Pick every line out of the entries below that holds the string "imports", and report them.

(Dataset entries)
BEGIN

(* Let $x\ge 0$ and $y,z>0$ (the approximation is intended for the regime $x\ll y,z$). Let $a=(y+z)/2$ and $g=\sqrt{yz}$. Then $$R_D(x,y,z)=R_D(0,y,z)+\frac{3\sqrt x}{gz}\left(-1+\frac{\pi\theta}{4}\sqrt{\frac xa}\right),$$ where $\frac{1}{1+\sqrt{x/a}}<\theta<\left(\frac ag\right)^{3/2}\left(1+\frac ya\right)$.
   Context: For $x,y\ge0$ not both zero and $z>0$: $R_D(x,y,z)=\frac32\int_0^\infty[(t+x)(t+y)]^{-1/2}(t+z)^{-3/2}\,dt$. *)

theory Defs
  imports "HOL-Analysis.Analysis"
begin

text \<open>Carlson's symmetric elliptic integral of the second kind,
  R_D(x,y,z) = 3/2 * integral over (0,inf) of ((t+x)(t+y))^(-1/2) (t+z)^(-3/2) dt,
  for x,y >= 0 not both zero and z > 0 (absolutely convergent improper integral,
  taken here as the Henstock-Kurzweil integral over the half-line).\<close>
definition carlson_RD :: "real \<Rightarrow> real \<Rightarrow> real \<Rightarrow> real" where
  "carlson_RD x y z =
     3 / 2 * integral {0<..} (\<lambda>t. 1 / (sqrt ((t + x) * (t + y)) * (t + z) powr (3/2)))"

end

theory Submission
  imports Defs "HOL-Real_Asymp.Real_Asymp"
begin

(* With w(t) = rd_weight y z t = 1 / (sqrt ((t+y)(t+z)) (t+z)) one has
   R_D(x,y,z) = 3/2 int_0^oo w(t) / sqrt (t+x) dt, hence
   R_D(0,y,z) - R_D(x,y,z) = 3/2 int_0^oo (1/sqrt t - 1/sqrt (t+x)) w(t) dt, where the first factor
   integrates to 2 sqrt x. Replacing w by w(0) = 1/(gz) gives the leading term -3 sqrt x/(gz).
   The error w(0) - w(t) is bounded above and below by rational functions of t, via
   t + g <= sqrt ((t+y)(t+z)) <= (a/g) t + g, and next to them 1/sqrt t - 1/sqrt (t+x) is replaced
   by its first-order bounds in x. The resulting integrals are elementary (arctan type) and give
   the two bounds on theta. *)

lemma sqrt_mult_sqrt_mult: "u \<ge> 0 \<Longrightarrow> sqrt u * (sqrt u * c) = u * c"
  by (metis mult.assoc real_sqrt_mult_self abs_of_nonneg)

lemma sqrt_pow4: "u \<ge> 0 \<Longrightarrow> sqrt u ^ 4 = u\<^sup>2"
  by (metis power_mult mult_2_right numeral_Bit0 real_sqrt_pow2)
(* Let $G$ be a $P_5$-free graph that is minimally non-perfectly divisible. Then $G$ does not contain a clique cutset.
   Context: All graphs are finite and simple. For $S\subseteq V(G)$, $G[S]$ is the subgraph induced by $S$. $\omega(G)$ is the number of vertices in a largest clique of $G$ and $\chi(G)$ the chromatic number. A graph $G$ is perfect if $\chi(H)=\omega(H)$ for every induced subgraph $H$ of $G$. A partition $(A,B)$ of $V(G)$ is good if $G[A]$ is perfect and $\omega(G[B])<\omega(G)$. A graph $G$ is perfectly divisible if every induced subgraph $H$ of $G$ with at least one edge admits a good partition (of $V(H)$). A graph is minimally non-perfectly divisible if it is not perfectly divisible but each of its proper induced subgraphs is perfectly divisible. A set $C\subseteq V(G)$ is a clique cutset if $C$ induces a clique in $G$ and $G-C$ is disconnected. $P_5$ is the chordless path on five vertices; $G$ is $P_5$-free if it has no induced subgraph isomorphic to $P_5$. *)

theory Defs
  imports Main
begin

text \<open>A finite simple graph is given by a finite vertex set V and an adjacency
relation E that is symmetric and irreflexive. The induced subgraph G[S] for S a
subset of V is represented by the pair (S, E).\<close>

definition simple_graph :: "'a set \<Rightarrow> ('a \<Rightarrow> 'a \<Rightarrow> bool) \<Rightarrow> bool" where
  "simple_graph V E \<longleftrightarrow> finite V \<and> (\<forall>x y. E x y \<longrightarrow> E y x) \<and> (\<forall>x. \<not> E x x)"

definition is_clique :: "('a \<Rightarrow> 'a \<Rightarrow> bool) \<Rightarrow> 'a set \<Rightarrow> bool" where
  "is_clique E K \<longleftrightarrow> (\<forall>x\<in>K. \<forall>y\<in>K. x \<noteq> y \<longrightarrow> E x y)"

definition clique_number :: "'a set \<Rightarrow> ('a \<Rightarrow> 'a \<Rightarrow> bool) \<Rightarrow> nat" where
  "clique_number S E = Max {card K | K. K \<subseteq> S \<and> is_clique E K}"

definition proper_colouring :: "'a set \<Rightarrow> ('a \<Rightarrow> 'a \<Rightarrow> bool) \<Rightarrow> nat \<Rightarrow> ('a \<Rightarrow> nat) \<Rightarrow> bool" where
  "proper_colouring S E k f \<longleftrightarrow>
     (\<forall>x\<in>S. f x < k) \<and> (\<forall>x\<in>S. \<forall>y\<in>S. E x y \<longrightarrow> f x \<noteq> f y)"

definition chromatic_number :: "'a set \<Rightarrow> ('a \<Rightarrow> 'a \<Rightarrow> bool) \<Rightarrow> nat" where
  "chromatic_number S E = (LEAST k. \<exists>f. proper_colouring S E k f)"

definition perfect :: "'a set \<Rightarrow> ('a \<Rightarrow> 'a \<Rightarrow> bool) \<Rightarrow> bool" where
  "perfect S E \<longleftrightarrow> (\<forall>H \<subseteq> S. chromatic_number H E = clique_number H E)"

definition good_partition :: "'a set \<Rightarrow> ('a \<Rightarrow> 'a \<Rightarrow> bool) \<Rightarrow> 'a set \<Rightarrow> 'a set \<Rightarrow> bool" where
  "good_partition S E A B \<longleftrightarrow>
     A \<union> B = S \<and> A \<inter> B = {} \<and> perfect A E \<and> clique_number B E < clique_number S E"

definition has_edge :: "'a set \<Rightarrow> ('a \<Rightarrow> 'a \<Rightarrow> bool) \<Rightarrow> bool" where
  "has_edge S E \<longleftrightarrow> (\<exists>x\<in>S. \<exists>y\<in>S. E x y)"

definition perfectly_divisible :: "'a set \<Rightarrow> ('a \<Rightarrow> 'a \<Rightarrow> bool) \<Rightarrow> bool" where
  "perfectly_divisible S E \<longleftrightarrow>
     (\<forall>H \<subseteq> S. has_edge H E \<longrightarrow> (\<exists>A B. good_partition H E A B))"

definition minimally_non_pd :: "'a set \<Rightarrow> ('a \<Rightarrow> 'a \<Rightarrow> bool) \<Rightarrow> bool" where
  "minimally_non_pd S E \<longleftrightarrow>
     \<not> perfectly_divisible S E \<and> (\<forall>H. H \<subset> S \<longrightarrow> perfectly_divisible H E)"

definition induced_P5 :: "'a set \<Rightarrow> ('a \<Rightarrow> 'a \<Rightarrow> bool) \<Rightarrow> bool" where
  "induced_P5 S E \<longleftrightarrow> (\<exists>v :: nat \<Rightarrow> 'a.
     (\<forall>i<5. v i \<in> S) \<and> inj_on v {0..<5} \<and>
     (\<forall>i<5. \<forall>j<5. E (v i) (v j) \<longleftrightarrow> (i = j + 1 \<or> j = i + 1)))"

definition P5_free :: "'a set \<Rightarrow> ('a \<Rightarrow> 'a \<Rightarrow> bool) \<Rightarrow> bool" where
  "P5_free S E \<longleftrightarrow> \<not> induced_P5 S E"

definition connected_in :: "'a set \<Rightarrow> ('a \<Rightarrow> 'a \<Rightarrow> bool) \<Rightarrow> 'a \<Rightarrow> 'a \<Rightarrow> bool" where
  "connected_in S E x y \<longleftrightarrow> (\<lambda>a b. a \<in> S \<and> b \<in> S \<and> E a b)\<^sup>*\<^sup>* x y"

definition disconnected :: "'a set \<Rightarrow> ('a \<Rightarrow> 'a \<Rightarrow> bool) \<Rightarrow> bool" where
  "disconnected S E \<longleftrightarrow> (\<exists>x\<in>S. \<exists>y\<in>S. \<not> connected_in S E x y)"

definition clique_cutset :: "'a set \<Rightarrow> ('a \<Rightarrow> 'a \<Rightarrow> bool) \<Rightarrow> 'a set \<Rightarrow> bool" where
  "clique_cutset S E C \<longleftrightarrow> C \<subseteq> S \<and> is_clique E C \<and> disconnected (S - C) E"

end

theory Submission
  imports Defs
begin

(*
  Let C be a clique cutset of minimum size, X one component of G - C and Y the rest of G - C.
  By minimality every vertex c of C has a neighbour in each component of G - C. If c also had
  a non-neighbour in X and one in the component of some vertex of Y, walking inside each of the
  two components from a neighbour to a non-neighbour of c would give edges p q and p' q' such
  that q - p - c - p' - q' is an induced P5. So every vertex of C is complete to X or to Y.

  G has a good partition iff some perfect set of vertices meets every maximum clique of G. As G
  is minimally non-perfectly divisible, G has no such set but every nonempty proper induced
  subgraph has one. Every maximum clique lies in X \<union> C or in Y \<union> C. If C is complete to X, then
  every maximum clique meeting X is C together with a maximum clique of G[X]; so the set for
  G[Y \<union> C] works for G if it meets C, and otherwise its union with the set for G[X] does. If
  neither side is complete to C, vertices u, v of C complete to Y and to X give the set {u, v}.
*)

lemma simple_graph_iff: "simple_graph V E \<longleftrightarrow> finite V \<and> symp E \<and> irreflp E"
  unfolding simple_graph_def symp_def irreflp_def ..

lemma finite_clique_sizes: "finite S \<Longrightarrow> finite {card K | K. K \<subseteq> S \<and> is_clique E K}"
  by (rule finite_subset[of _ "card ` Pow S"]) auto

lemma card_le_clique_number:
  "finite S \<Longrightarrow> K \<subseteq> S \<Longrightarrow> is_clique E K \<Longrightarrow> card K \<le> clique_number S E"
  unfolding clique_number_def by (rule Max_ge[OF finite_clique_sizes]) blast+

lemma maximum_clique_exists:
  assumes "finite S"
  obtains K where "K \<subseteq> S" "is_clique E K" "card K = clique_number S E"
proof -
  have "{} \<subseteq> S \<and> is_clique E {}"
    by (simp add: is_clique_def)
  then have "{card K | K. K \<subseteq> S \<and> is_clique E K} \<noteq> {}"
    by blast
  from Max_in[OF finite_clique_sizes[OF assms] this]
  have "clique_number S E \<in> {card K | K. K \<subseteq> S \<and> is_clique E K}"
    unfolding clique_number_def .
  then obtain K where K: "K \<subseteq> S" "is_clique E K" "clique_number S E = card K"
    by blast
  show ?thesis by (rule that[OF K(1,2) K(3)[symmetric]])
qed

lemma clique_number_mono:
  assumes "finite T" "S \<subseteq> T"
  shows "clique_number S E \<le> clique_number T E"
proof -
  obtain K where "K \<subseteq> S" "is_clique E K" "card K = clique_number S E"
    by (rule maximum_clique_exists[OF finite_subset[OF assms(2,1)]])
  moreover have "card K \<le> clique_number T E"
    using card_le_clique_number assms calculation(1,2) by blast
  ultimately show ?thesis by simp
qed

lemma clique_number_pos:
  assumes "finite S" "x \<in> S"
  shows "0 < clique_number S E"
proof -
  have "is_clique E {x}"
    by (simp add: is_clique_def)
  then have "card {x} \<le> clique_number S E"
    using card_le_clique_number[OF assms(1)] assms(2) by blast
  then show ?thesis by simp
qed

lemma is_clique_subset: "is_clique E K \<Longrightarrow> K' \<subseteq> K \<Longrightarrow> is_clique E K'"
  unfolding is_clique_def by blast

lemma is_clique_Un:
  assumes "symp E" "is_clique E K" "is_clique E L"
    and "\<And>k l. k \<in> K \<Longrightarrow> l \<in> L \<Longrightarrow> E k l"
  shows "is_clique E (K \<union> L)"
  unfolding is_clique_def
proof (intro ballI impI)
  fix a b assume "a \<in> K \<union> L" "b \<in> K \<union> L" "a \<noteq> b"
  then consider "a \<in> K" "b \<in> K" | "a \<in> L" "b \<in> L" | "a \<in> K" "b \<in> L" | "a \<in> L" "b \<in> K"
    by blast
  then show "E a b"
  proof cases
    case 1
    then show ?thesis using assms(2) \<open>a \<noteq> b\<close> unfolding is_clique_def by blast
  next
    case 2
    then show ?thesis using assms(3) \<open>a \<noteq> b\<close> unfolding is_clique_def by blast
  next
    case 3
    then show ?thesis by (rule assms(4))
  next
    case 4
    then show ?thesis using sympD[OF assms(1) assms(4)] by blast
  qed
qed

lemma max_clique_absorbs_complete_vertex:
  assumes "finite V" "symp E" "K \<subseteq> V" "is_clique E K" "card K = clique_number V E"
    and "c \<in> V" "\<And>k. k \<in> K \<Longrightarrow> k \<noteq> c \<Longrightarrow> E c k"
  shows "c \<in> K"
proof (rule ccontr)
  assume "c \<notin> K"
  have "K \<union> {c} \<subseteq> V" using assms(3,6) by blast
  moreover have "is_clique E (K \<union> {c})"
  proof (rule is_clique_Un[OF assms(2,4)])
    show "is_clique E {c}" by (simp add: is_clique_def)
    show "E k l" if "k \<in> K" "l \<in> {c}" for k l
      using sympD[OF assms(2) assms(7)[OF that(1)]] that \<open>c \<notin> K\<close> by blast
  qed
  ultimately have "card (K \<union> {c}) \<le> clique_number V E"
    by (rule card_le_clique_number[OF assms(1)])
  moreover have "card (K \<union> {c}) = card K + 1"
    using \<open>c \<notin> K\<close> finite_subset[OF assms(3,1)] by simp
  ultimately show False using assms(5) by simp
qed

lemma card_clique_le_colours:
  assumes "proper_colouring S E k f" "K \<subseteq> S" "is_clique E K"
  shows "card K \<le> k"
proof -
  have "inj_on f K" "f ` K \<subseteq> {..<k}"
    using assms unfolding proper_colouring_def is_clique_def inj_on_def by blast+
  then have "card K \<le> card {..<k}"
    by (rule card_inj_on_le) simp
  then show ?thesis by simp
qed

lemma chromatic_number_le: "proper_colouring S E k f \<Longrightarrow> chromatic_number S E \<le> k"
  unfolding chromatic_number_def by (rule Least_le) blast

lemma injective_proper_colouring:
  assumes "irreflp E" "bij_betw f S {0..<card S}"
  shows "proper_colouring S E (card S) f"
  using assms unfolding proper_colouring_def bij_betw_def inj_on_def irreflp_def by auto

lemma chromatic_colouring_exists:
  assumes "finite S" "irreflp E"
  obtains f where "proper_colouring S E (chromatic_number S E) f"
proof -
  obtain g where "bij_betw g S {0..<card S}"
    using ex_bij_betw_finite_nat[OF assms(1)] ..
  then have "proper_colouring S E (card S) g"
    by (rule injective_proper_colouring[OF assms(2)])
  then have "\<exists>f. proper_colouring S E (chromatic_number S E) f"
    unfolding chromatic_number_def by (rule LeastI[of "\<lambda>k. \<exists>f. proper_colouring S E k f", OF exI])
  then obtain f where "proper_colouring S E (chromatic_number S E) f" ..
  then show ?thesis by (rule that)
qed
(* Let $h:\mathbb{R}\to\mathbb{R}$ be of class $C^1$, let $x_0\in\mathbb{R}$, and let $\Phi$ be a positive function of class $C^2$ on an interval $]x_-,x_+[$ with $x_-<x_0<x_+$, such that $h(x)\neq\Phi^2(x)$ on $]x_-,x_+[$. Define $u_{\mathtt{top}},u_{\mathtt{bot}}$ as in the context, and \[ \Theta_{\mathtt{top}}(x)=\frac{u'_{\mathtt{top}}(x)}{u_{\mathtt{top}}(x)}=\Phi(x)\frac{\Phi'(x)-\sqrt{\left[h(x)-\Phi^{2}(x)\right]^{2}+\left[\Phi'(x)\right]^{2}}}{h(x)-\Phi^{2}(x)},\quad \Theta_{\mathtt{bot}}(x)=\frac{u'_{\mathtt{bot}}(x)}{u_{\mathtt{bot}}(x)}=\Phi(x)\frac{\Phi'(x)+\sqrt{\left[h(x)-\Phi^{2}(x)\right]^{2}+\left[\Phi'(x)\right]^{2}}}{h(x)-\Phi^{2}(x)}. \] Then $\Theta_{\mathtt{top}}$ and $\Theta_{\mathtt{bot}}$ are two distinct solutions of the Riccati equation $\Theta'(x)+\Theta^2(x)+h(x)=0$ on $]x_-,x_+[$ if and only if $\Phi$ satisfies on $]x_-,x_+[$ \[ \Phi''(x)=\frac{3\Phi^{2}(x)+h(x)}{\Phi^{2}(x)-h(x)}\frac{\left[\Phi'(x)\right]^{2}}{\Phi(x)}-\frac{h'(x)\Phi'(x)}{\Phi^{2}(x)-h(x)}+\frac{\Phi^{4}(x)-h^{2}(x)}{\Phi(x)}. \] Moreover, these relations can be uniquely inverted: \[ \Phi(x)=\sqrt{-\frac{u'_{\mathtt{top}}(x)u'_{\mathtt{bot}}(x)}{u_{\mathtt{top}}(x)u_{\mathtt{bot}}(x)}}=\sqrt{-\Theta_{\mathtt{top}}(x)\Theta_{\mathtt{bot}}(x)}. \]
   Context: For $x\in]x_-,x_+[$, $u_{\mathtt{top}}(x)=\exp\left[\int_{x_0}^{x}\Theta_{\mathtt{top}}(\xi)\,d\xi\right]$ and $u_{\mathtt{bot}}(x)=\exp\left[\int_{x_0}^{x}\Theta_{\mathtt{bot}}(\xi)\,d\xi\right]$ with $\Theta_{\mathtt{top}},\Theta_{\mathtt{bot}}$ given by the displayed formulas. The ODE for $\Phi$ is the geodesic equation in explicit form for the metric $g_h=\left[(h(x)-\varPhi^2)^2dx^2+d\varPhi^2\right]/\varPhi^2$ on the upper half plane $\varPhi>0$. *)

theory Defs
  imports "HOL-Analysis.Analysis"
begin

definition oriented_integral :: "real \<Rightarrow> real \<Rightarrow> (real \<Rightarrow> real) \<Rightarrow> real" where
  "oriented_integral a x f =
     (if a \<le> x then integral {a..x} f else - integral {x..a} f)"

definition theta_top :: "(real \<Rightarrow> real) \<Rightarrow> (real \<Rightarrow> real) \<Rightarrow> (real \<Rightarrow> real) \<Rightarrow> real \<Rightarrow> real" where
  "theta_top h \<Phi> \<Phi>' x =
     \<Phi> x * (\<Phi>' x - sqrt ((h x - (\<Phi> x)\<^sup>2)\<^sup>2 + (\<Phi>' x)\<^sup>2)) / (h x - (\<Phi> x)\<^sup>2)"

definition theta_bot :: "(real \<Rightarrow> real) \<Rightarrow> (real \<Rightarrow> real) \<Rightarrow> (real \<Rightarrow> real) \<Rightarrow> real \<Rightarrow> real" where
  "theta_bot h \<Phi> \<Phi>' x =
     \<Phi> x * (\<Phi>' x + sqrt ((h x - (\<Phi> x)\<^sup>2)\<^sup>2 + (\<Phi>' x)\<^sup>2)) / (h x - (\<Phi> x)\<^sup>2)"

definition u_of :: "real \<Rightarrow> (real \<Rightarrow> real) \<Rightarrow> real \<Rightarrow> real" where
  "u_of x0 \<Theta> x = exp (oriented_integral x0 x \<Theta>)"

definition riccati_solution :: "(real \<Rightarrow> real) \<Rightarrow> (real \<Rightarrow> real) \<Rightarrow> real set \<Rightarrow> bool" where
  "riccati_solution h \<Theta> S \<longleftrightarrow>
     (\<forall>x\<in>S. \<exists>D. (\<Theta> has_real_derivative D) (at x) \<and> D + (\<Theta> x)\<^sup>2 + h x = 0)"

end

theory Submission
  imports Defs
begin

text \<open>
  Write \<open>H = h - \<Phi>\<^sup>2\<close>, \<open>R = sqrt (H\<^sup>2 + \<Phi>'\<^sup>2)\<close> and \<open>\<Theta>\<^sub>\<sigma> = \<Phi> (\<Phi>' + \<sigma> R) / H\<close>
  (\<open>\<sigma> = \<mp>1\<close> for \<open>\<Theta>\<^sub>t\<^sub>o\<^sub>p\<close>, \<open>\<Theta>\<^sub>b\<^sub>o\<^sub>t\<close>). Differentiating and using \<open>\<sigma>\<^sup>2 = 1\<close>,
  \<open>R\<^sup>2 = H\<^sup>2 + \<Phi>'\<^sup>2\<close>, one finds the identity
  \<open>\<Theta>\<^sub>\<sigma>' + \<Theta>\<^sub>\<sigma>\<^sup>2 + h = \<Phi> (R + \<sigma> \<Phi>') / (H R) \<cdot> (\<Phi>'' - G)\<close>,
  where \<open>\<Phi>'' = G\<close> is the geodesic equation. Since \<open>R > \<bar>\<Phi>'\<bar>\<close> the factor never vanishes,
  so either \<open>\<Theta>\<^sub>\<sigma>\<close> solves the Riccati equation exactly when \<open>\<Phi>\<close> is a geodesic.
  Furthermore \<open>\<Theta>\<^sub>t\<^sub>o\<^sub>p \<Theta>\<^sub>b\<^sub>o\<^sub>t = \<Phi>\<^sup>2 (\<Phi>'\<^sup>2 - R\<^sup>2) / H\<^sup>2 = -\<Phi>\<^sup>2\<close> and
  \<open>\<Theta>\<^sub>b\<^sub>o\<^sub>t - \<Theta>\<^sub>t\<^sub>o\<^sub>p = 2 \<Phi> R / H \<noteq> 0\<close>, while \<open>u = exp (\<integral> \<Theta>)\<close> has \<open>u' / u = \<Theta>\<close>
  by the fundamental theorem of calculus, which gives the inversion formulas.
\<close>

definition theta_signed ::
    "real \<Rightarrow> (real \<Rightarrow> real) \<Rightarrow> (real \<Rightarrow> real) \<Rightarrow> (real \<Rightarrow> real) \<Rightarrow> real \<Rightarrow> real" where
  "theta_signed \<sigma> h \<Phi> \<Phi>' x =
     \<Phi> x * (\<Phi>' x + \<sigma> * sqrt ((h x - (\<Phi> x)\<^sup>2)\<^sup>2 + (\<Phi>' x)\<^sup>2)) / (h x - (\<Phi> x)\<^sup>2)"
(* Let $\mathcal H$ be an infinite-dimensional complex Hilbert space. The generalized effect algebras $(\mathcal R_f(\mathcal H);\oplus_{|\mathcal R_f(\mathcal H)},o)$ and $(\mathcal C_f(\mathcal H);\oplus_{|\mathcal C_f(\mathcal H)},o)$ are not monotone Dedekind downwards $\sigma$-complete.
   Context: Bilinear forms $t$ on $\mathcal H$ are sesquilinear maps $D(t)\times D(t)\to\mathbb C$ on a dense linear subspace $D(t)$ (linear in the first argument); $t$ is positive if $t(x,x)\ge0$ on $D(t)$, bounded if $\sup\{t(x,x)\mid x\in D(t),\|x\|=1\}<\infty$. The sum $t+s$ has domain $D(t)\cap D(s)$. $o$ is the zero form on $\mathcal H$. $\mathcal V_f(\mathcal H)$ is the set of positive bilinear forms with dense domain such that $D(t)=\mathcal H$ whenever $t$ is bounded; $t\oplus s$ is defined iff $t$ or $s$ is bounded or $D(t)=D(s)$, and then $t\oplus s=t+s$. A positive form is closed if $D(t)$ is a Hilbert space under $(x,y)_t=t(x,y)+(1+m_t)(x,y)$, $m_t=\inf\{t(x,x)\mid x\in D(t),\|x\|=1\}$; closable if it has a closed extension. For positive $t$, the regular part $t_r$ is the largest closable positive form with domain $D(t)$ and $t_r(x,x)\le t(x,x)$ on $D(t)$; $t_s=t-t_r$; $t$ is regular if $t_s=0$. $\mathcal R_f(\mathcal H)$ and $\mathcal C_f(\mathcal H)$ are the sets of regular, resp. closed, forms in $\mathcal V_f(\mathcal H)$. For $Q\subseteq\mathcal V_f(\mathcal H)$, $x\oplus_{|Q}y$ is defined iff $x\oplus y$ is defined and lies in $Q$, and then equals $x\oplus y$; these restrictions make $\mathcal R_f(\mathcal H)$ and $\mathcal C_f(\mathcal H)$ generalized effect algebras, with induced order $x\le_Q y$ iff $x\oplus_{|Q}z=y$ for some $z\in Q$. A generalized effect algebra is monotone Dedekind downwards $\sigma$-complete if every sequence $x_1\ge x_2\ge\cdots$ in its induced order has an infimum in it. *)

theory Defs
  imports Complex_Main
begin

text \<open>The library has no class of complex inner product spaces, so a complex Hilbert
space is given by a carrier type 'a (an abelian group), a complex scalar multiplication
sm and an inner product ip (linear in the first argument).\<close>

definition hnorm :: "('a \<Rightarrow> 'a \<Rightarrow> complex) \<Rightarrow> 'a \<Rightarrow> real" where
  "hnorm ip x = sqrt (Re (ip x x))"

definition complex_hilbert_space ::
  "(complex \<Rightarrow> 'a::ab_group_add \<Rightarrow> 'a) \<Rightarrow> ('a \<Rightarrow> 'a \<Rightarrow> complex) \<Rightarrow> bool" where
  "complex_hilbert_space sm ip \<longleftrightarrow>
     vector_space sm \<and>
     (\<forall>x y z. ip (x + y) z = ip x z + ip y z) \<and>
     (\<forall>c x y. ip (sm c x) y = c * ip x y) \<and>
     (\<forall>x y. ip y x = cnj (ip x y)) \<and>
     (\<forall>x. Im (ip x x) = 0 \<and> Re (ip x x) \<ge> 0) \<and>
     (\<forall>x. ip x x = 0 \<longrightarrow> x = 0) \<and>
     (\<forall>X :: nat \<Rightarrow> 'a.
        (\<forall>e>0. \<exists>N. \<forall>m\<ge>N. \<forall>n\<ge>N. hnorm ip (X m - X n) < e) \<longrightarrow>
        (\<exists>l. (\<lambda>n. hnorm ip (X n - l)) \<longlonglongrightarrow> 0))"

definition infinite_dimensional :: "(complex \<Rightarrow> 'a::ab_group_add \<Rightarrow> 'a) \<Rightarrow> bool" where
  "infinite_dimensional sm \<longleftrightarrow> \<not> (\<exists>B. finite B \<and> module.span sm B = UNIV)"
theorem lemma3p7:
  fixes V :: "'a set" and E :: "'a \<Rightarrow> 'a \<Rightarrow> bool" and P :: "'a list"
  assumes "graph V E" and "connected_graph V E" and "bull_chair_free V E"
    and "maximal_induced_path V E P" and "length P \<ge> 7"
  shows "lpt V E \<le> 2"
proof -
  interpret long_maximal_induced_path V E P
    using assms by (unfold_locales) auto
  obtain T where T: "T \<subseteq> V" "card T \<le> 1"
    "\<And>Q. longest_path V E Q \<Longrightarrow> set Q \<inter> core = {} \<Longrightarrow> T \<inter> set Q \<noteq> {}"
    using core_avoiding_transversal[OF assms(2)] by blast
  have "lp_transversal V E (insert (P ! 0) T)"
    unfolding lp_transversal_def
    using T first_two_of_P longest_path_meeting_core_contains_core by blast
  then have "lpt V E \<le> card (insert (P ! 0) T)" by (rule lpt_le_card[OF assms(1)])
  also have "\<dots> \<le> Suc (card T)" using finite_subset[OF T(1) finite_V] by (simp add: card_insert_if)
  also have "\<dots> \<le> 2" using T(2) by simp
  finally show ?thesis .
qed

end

END

> _Output_
  imports "HOL-Analysis.Analysis"
  imports Defs "HOL-Real_Asymp.Real_Asymp"
  imports Main
  imports Defs
  imports "HOL-Analysis.Analysis"
  imports Defs
  imports Complex_Main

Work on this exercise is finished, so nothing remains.